La motion Dauzat est soumise au conseil municipal du 25 septembre. Le débat est vif. Les conséquences matérielles d'un éventuel changement d'orthographe ne sont pas anodines: modifications sur les édifices publics, de la signalétique, des bornes kilométriques, des en-têtes commerciaux... Certains élus, touchés à leur tour par la grâce phonétique, font aussi observer que si, après avoir introduit les deux s, certains s'appliquent à articuler Aus-serre, on entendra une prononciation qui restera défectueuse. L'assemblée décide d'attendre que les savants se soient mis d'accord entre eux.

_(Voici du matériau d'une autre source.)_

(* Let $D$ be an integral domain that is not a field. Then $D$ is a RAV-domain if and only if $D$ is an AV-domain and its integral closure $\overline{D}$ is a rational valuation domain.
   Context: For a domain $D$ that is not a field, an element $a\in D$ is an almost uniformizing parameter if for each nonzero nonunit $y\in D$ there are natural numbers $m,n$ and a unit $u$ of $D$ with $y^m=ua^n$; a RAV-domain (rational almost valuation domain) is a domain having an almost uniformizing parameter. An AV-domain is a domain in which for all nonzero $a,b$ there is $n\ge1$ with $a^n\mid b^n$ or $b^n\mid a^n$. A rational valuation domain is a valuation domain whose value group is order-isomorphic to a subgroup of $(\mathbb{Q},+)$. $\overline{D}$ is the integral closure of $D$ in its quotient field. *)

theory Defs
  imports "HOL-Computational_Algebra.Polynomial_Factorial"
begin

text \<open>D is a domain of type 'a :: idom; its quotient field is 'a fract, with
  canonical embedding to_fract.\<close>

definition not_field :: "'a::idom itself \<Rightarrow> bool" where
  "not_field _ \<longleftrightarrow> (\<exists>x::'a. x \<noteq> 0 \<and> \<not> x dvd 1)"

definition almost_uniformizing :: "'a::idom \<Rightarrow> bool" where
  "almost_uniformizing a \<longleftrightarrow>
     (\<forall>y. y \<noteq> 0 \<and> \<not> y dvd 1 \<longrightarrow>
        (\<exists>m n u. m \<ge> 1 \<and> n \<ge> 1 \<and> u dvd 1 \<and> y ^ m = u * a ^ n))"

definition RAV_domain :: "'a::idom itself \<Rightarrow> bool" where
  "RAV_domain _ \<longleftrightarrow> (\<exists>a::'a. almost_uniformizing a)"

definition AV_domain :: "'a::idom itself \<Rightarrow> bool" where
  "AV_domain _ \<longleftrightarrow> (\<forall>a b::'a. a \<noteq> 0 \<longrightarrow> b \<noteq> 0 \<longrightarrow>
      (\<exists>n\<ge>1. a ^ n dvd b ^ n \<or> b ^ n dvd a ^ n))"

definition integral_closure :: "'a::idom itself \<Rightarrow> 'a fract set" where
  "integral_closure _ = {x. \<exists>p::'a poly. lead_coeff p = 1 \<and>
      poly (map_poly to_fract p) x = 0}"

definition valuation_ring :: "'k::field set \<Rightarrow> bool" where
  "valuation_ring V \<longleftrightarrow> 0 \<in> V \<and> 1 \<in> V \<and>
     (\<forall>x\<in>V. \<forall>y\<in>V. x + y \<in> V \<and> x * y \<in> V \<and> - x \<in> V) \<and>
     (\<forall>x. x \<noteq> 0 \<longrightarrow> x \<in> V \<or> inverse x \<in> V)"

text \<open>Rational valuation domain: the value group K^*/U(V), ordered by
  divisibility in V, is order-isomorphic to a subgroup of (Q,+).  Equivalently
  (this is just the order embedding composed with the quotient map) there is a
  valuation v: K^* \<rightarrow> Q, a group homomorphism whose nonnegative part is
  exactly V \ {0}.\<close>
definition rational_valuation_ring :: "'k::field set \<Rightarrow> bool" where
  "rational_valuation_ring V \<longleftrightarrow> valuation_ring V \<and>
     (\<exists>v :: 'k \<Rightarrow> rat.
        (\<forall>x y. x \<noteq> 0 \<longrightarrow> y \<noteq> 0 \<longrightarrow> v (x * y) = v x + v y) \<and>
        (\<forall>x. x \<noteq> 0 \<longrightarrow> (x \<in> V \<longleftrightarrow> v x \<ge> 0)))"

end

theory Submission
  imports Defs
begin

(* Forward direction: if a is almost uniformizing, the exponents in y^m = u a^n define a valuation
   v(y) = n/m of D that extends to a Q-valued valuation v of the quotient field K.  Every nonunit of D
   lies in the radical of aD, so 1 - e d is a unit for each nonunit e, and Nakayama's lemma for
   D[t] = D + D t + ... + D t^(N-1) shows that no t with t^N = e is a unit of D[t]; hence integral
   elements have nonnegative value.  Conversely an element of nonnegative value has a power in D, so
   the integral closure is the valuation ring of v, and comparing values gives the AV property.
   Backward direction: the valuation of the integral closure is positive exactly on the nonunits of D.
   For nonunits y and a the values are commensurable, so y^m and a^n have the same value for some
   m, n >= 1, and the AV property makes suitable powers of them associated. *)

lemma to_fract_power [simp]: "to_fract (x ^ n) = to_fract x ^ n"
  by (induction n) simp_all

lemma fract_poly_power [simp]: "fract_poly (p ^ n) = fract_poly p ^ n"
  by (induction n) simp_all

lemma fract_poly_uminus [simp]: "fract_poly (- p) = - fract_poly p"
  by (rule poly_eqI) (simp add: coeff_map_poly)

lemma poly_fract_poly_to_fract [simp]: "poly (fract_poly p) (to_fract x) = to_fract (poly p x)"
  by (induction p) (simp_all add: map_poly_pCons)

lemma fract_poly_reflect_poly: "fract_poly (reflect_poly p) = reflect_poly (fract_poly p)"
  by (rule poly_eqI) (simp add: coeff_reflect_poly coeff_map_poly degree_map_poly)

lemma shifted_power_in_integral_closure:
  assumes "N \<ge> 1" and "(x - to_fract b) ^ N = to_fract d"
  shows "x \<in> integral_closure TYPE('a::idom)"
proof -
  define p where "p = [:-d:] + [:-b, 1:] ^ N"
  have "lead_coeff ([:-b, 1:] ^ N) = 1"
    by (subst lead_coeff_power) simp
  then have "lead_coeff p = 1"
    unfolding p_def using assms(1) by (subst lead_coeff_add_le) (simp_all add: degree_linear_power)
  moreover have "poly (fract_poly p) x = 0"
    using assms(2) by (simp add: p_def map_poly_pCons)
  ultimately show ?thesis
    unfolding integral_closure_def by blast
qed
(* Let $d\ge4$ be a fixed integer. Then, as $n\to\infty$ (with $dn$ even), asymptotically almost surely $\mathcal{G}_{n,d}$ is internally $2(d-1)$-edge-connected.
   Context: $\mathcal{G}_{n,d}$ is the uniformly random $d$-regular graph on $[n]$. A graph $G$ is internally $r$-edge-connected if for every vertex subset $A$ with $|A|\ge2$ and $|V(G)\setminus A|\ge2$, the number of edges between $A$ and $V(G)\setminus A$ is at least $r$. *)

theory Defs
  imports Complex_Main
begin

definition simple_graph_on :: "nat \<Rightarrow> nat set set \<Rightarrow> bool" where
  "simple_graph_on n E \<longleftrightarrow>
     (\<forall>e\<in>E. \<exists>u v. e = {u, v} \<and> u \<noteq> v \<and> u \<in> {1..n} \<and> v \<in> {1..n})"

definition degree :: "nat set set \<Rightarrow> nat \<Rightarrow> nat" where
  "degree E v = card {e \<in> E. v \<in> e}"

definition regular_graphs :: "nat \<Rightarrow> nat \<Rightarrow> nat set set set" where
  "regular_graphs n d =
     {E. simple_graph_on n E \<and> (\<forall>v\<in>{1..n}. degree E v = d)}"

definition cut_size :: "nat set set \<Rightarrow> nat set \<Rightarrow> nat" where
  "cut_size E A = card {e \<in> E. e \<inter> A \<noteq> {} \<and> e - A \<noteq> {}}"

definition internally_edge_connected :: "nat \<Rightarrow> nat set set \<Rightarrow> nat \<Rightarrow> bool" where
  "internally_edge_connected n E r \<longleftrightarrow>
     (\<forall>A. A \<subseteq> {1..n} \<and> card A \<ge> 2 \<and> card ({1..n} - A) \<ge> 2 \<longrightarrow> cut_size E A \<ge> r)"

definition prob_reg :: "nat \<Rightarrow> nat \<Rightarrow> (nat set set \<Rightarrow> bool) \<Rightarrow> real" where
  "prob_reg n d P = real (card {E \<in> regular_graphs n d. P E}) / real (card (regular_graphs n d))"

end

theory Submission
  imports Defs
begin

text \<open>
  If a \<open>d\<close>-regular graph is not internally \<open>2(d-1)\<close>-edge-connected, some \<open>S \<subseteq> [n]\<close> with
  \<open>2 \<le> |S| \<le> n/2\<close> (pass to the complement if necessary) has fewer than \<open>2d - 2\<close> edges
  leaving it, and counting degrees inside \<open>S\<close> shows \<open>|S| \<ge> 4\<close> when \<open>d \<ge> 4\<close>.
  For such \<open>S\<close> with \<open>|S| = k\<close> let \<open>N\<^sub>c\<close> be the number of \<open>d\<close>-regular graphs with exactly
  \<open>c\<close> edges leaving \<open>S\<close>. Replacing an edge \<open>xy\<close> inside \<open>S\<close> and an edge \<open>uv\<close> outside \<open>S\<close>
  by \<open>xu\<close> and \<open>yv\<close> raises the cut by 2; every graph admits at least
  \<open>(dk - c)(d(n - k) - c - 2d\<^sup>2)\<close> such switchings and every graph arises from at most
  \<open>(c + 2)\<^sup>2\<close> of them. Chaining these inequalities \<open>k + 2\<close> times bounds \<open>N\<^sub>c\<close> by
  \<open>|G(n,d)| \<Phi>(k) / (n - D)\<^sup>k\<^sup>+\<^sup>2\<close> with \<open>D = 2d + 2d\<^sup>2\<close> and \<open>\<Phi> = switch_product d\<close>.
  Since \<open>\<Phi>(k)/k!\<close> is bounded in \<open>k\<close> and there are at most \<open>n\<^sup>k/k!\<close> sets of size \<open>k\<close>,
  each \<open>k\<close> contributes \<open>O(1/n\<^sup>2)\<close> to the probability of a small cut, and all \<open>k\<close> together
  contribute \<open>O(1/n)\<close>.
\<close>

section \<open>Arcs of simple graphs\<close>

definition neighbours :: "nat set set \<Rightarrow> nat \<Rightarrow> nat set" where
  "neighbours G x = {y. {x, y} \<in> G}"
(* Let $m, n, k, l, t, r$ be positive integers such that $t\geq 2$, $k\geq l \geq t+r$ and $\min\{m, n\}\geq k+l-t+2$. Let $i,j\in [\max \{ m, n\}]$ with $i<j$. Let $\mathcal{A}\subseteq\binom{[n]}{k}$ and $\mathcal{B}\subseteq\binom{[m]}{l}$ be cross-$t$-intersecting families. Suppose there exists a $(t+2r)$-element subset $T\subset [\min\{m, n\}]$ such that \[S_{ij}(\mathcal{A})=\left\{A \in \binom{[n]}{k} : |A \cap T| \geq t+r \right\}\quad\text{and}\quad S_{ij}(\mathcal{B})=\left\{B \in \binom{[m]}{l} : |B \cap T| \geq t+r \right\}.\] Then there is a $(t+2r)$-element subset $T'\subset [\min\{m, n\}]$ such that \[\mathcal{A}=\left\{A \in \binom{[n]}{k} : |A \cap T'| \geq t+r \right\}\quad\text{and}\quad\mathcal{B}=\left\{B \in \binom{[m]}{l} : |B \cap T'| \geq t+r \right\}.\]
   Context: $[n]=\{1,\dots,n\}$ and $\binom{D}{k}$ denotes the family of all $k$-element subsets of a finite set $D$. Families $\mathcal{A},\mathcal{B}$ are cross-$t$-intersecting if $|A\cap B|\ge t$ for all $A\in\mathcal{A}$, $B\in\mathcal{B}$. For a family $\mathcal{F}$ of sets and indices $i,j$, the shift operation is defined for $F\in\mathcal{F}$ by $S_{ij}(F)=(F\setminus\{j\})\cup\{i\}$ if $j\in F$, $i\notin F$ and $(F\setminus\{j\})\cup\{i\}\notin\mathcal{F}$, and $S_{ij}(F)=F$ otherwise; and $S_{ij}(\mathcal{F})=\{S_{ij}(F):F\in\mathcal{F}\}$. *)

theory Defs
  imports Main
begin

definition k_subsets :: "'a set \<Rightarrow> nat \<Rightarrow> 'a set set" where
  "k_subsets D k = {A. A \<subseteq> D \<and> card A = k}"

definition cross_t_intersecting :: "'a set set \<Rightarrow> 'a set set \<Rightarrow> nat \<Rightarrow> bool" where
  "cross_t_intersecting \<A> \<B> t \<longleftrightarrow> (\<forall>A\<in>\<A>. \<forall>B\<in>\<B>. card (A \<inter> B) \<ge> t)"

definition shift_set :: "'a \<Rightarrow> 'a \<Rightarrow> 'a set set \<Rightarrow> 'a set \<Rightarrow> 'a set" where
  "shift_set i j \<F> F =
     (if j \<in> F \<and> i \<notin> F \<and> (F - {j}) \<union> {i} \<notin> \<F> then (F - {j}) \<union> {i} else F)"

definition shift :: "'a \<Rightarrow> 'a \<Rightarrow> 'a set set \<Rightarrow> 'a set set" where
  "shift i j \<F> = shift_set i j \<F> ` \<F>"

end

theory Submission
  imports Defs
begin

(*
  If i and j lie on the same side of T, the threshold family F_T of all sets meeting T in at
  least t + r points is invariant under exchanging i and j, and S_ij(A) = F_T forces A = F_T.
  If i is outside T and j inside, S_ij(A) = F_T is impossible: a shifted family is closed under
  replacing j by i, but F_T is not.

  In the remaining case i \<in> T, j \<notin> T, the shift determines A except on the pairs C + i, C + j
  with |C \<inter> T| = t + r - 1, of which exactly one lies in A. For such C from the A-side and D
  from the B-side with |C \<inter> D| < t, cross-t-intersection forces the same choice (i or j) for
  C and D. Two such C that differ by a single exchange share at least t + r - 2 \<ge> r points of T,
  and the bound on min m n leaves room for one D meeting both in fewer than t points. Hence the
  choice is the same for all C and all D: it is i throughout, and then A = F_T and B = F_T, or j
  throughout, and then A and B are both the threshold family of T - {i} + {j}.
*)

definition threshold_family :: "nat \<Rightarrow> nat \<Rightarrow> nat set \<Rightarrow> nat \<Rightarrow> nat set set" where
  "threshold_family M L T s = {G \<in> k_subsets {1..M} L. s \<le> card (G \<inter> T)}"

text \<open>For \<open>C \<in> boundary_sets M L i j T s\<close>, the set \<open>insert i C\<close> meets \<open>T\<close> in exactly \<open>s\<close>
  points and, when \<open>j \<notin> T\<close>, \<open>insert j C\<close> in \<open>s - 1\<close>: these are the only pairs on which
  \<open>shift i j \<A> = threshold_family M L T s\<close> does not determine \<open>\<A>\<close>.\<close>

definition boundary_sets :: "nat \<Rightarrow> nat \<Rightarrow> nat \<Rightarrow> nat \<Rightarrow> nat set \<Rightarrow> nat \<Rightarrow> nat set set" where
  "boundary_sets M L i j T s =
     {C. C \<subseteq> {1..M} - {i, j} \<and> card C = L - 1 \<and> card (C \<inter> T) + 1 = s}"

lemma mem_shift_unmoved:
  assumes "i \<noteq> j" "i \<in> H \<longleftrightarrow> j \<in> H"
  shows "H \<in> shift i j \<F> \<longleftrightarrow> H \<in> \<F>"
  using assms unfolding shift_def shift_set_def by (auto simp: image_iff)

lemma mem_shift_with_i:
  assumes "i \<in> H" "j \<notin> H"
  shows "H \<in> shift i j \<F> \<longleftrightarrow> H \<in> \<F> \<or> H - {i} \<union> {j} \<in> \<F>"
proof
  assume "H \<in> shift i j \<F>"
  then obtain G where G: "G \<in> \<F>" "shift_set i j \<F> G = H"
    unfolding shift_def by auto
  show "H \<in> \<F> \<or> H - {i} \<union> {j} \<in> \<F>"
  proof (cases "j \<in> G \<and> i \<notin> G \<and> G - {j} \<union> {i} \<notin> \<F>")
    case True
    then have "G = H - {i} \<union> {j}"
      using G(2) unfolding shift_set_def by auto
    then show ?thesis using G(1) by simp
  next
    case False
    then show ?thesis using G unfolding shift_set_def by auto
  qed
next
  assume H: "H \<in> \<F> \<or> H - {i} \<union> {j} \<in> \<F>"
  show "H \<in> shift i j \<F>"
  proof (cases "H \<in> \<F>")
    case True
    then have "shift_set i j \<F> H = H" using assms unfolding shift_set_def by auto
    then show ?thesis using True unfolding shift_def by force
  next
    case False
    have "H - {i} \<union> {j} - {j} \<union> {i} = H" using assms by auto
    then have "shift_set i j \<F> (H - {i} \<union> {j}) = H"
      using assms False unfolding shift_set_def by auto
    then show ?thesis using H False unfolding shift_def by force
  qed
qed

lemma mem_shift_with_j:
  assumes "j \<in> H" "i \<notin> H"
  shows "H \<in> shift i j \<F> \<longleftrightarrow> H \<in> \<F> \<and> H - {j} \<union> {i} \<in> \<F>"
proof
  assume "H \<in> shift i j \<F>"
  then obtain G where G: "G \<in> \<F>" "shift_set i j \<F> G = H"
    unfolding shift_def by auto
  show "H \<in> \<F> \<and> H - {j} \<union> {i} \<in> \<F>"
  proof (cases "j \<in> G \<and> i \<notin> G \<and> G - {j} \<union> {i} \<notin> \<F>")
    case True
    then have "H = G - {j} \<union> {i}"
      using G(2) unfolding shift_set_def by auto
    then show ?thesis using assms by auto
  next
    case False
    then have "G = H" using G(2) unfolding shift_set_def by auto
    then show ?thesis using G(1) False assms by auto
  qed
next
  assume "H \<in> \<F> \<and> H - {j} \<union> {i} \<in> \<F>"
  moreover from this have "shift_set i j \<F> H = H" unfolding shift_set_def by auto
  ultimately show "H \<in> shift i j \<F>" unfolding shift_def by force
qed

lemma mem_shift_move_to_i:
  assumes "H \<in> shift i j \<F>" "j \<in> H" "i \<notin> H"
  shows "H - {j} \<union> {i} \<in> shift i j \<F>"
proof -
  have "H - {j} \<union> {i} \<in> \<F>"
    using mem_shift_with_j[OF assms(2,3)] assms(1) by blast
  moreover have "i \<in> H - {j} \<union> {i}" "j \<notin> H - {j} \<union> {i}" using assms(2,3) by auto
  ultimately show ?thesis using mem_shift_with_i[of i "H - {j} \<union> {i}" j \<F>] by blast
qed

lemma shift_eq_self_if_no_j:
  assumes "\<And>F. F \<in> \<F> \<Longrightarrow> j \<notin> F"
  shows "shift i j \<F> = \<F>"
proof -
  have "shift_set i j \<F> F = F" if "F \<in> \<F>" for F
    unfolding shift_set_def using assms[OF that] by auto
  then have "shift i j \<F> = (\<lambda>F. F) ` \<F>"
    unfolding shift_def by (rule image_cong[OF refl])
  then show ?thesis by simp
qed

lemma shift_eq_self_if_reverse_closed:
  assumes ne: "i \<noteq> j"
    and closed: "\<And>H. H \<in> shift i j \<F> \<Longrightarrow> i \<in> H \<Longrightarrow> j \<notin> H \<Longrightarrow> H - {i} \<union> {j} \<in> shift i j \<F>"
  shows "shift i j \<F> = \<F>"
proof (rule set_eqI)
  fix H
  consider "i \<in> H \<longleftrightarrow> j \<in> H" | "i \<in> H" "j \<notin> H" | "j \<in> H" "i \<notin> H"
    by blast
  then show "H \<in> shift i j \<F> \<longleftrightarrow> H \<in> \<F>"
  proof cases
    case 1
    then show ?thesis using mem_shift_unmoved[OF ne] by blast
  next
    case 2
    let ?H' = "H - {i} \<union> {j}"
    have H': "j \<in> ?H'" "i \<notin> ?H'" "?H' - {j} \<union> {i} = H" using 2 by auto
    have "H \<in> shift i j \<F> \<Longrightarrow> ?H' \<in> shift i j \<F>" using closed[OF _ 2] .
    then show ?thesis
      using mem_shift_with_i[OF 2, of \<F>] mem_shift_with_j[OF H'(1,2), of \<F>, unfolded H'(3)]
      by blast
  next
    case 3
    let ?H' = "H - {j} \<union> {i}"
    have H': "i \<in> ?H'" "j \<notin> ?H'" "?H' - {i} \<union> {j} = H" using 3 by auto
    have "?H' \<in> shift i j \<F> \<Longrightarrow> H \<in> shift i j \<F>" using closed[OF _ H'(1,2)] H'(3) by simp
    then show ?thesis
      using mem_shift_with_j[OF 3, of \<F>] mem_shift_with_i[OF H'(1,2), of \<F>, unfolded H'(3)]
      by blast
  qed
qed
lemma comp_del_union:
  assumes "i < length es" and "{x, y} = {fst (es ! i), snd (es ! i)}"
  shows "comp_del n es i x \<union> comp_del n es i y = {..<n}"
proof -
  have "j \<in> comp_del n es i x \<union> comp_del n es i y" if "j < n" for j
    using comp_del_endpoint_cases[OF assms(1) that] assms(2) by (metis UnI1 UnI2 doubleton_eq_iff)
  then show ?thesis by (auto simp: comp_del_def)
qed

lemma comp_del_disjoint:
  assumes "i < length es" and "{x, y} = {fst (es ! i), snd (es ! i)}"
  shows "comp_del n es i x \<inter> comp_del n es i y = {}"
proof -
  have "(adj (del_edge es i))\<^sup>*\<^sup>* x y"
    if "(adj (del_edge es i))\<^sup>*\<^sup>* x j" and "(adj (del_edge es i))\<^sup>*\<^sup>* y j" for j
    using that symp_rtranclp[OF symp_adj] by (metis rtranclp_trans sympD)
  then show ?thesis using del_edge_separates[OF assms] by (auto simp: comp_del_def)
qed

lemma card_comp_del_add:
  assumes "i < length es" and "{x, y} = {fst (es ! i), snd (es ! i)}"
  shows "card (comp_del n es i x) + card (comp_del n es i y) = n"
proof -
  have "card (comp_del n es i x \<union> comp_del n es i y)
      = card (comp_del n es i x) + card (comp_del n es i y)"
    by (rule card_Un_disjoint) (simp_all add: finite_comp_del comp_del_disjoint[OF assms])
  then show ?thesis by (simp add: comp_del_union[OF assms])
qed

lemma gdist_across_edge:
  assumes i: "i < length es" and xy: "{x, y} = {fst (es ! i), snd (es ! i)}"
    and j: "j \<in> comp_del n es i x"
  shows "gdist es j y = Suc (gdist es j x)"
proof -
  have xy_lt: "x < n" "y < n" and "adj es x y"
    using xy nth_edge_bounds[OF i] nth_mem[OF i] by (auto simp: doubleton_eq_iff adj_def)
  have jn: "j < n" and near: "(adj (del_edge es i))\<^sup>*\<^sup>* x j" using j by (simp_all add: comp_del_def)
  have removed: "{u, v} = {y, x}" if "adj es u v" "\<not> adj (del_edge es i) u v" for u v
    using adj_removed_by_del_edge[OF that] xy by (simp add: insert_commute)
  have separated: "\<not> (adj (del_edge es i))\<^sup>*\<^sup>* y x"
    using del_edge_separates[OF i, of y x] xy by (simp add: insert_commute)
  obtain k where "k < gdist es j y" "(adj es ^^ k) j x"
    using relpowp_crosses_bridge[OF removed symp_adj separated near gdist_walk[OF jn xy_lt(2)]] by blast
  then have "gdist es j x < gdist es j y" unfolding gdist_def by (meson Least_le le_less_trans)
  moreover have "(adj es ^^ Suc (gdist es j x)) j y"
    using gdist_walk[OF jn xy_lt(1)] \<open>adj es x y\<close> by auto
  then have "gdist es j y \<le> Suc (gdist es j x)" unfolding gdist_def by (rule Least_le)
  ultimately show ?thesis by simp
qed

Quelques jours plus tard, dans l'Yonne Républicaine du 28 novembre 1948, un spirituel anonyme publie un «plaidoyer pour l'x». L'auteur fait valoir que «nous avons là une petite originalité qui attire sur nous l'attention, profitons-en pour servir notre intérêt touristique». Il apprécie l'actuelle orthographe en esthète: «la finesse que donne à ce mot, cet x légèrement dansant comme les ailes d'un moulin à vent qui saisit et disperse je ne sais quelle lumière».
Et les Auxerrois se sont finalement contentés de cet idéal.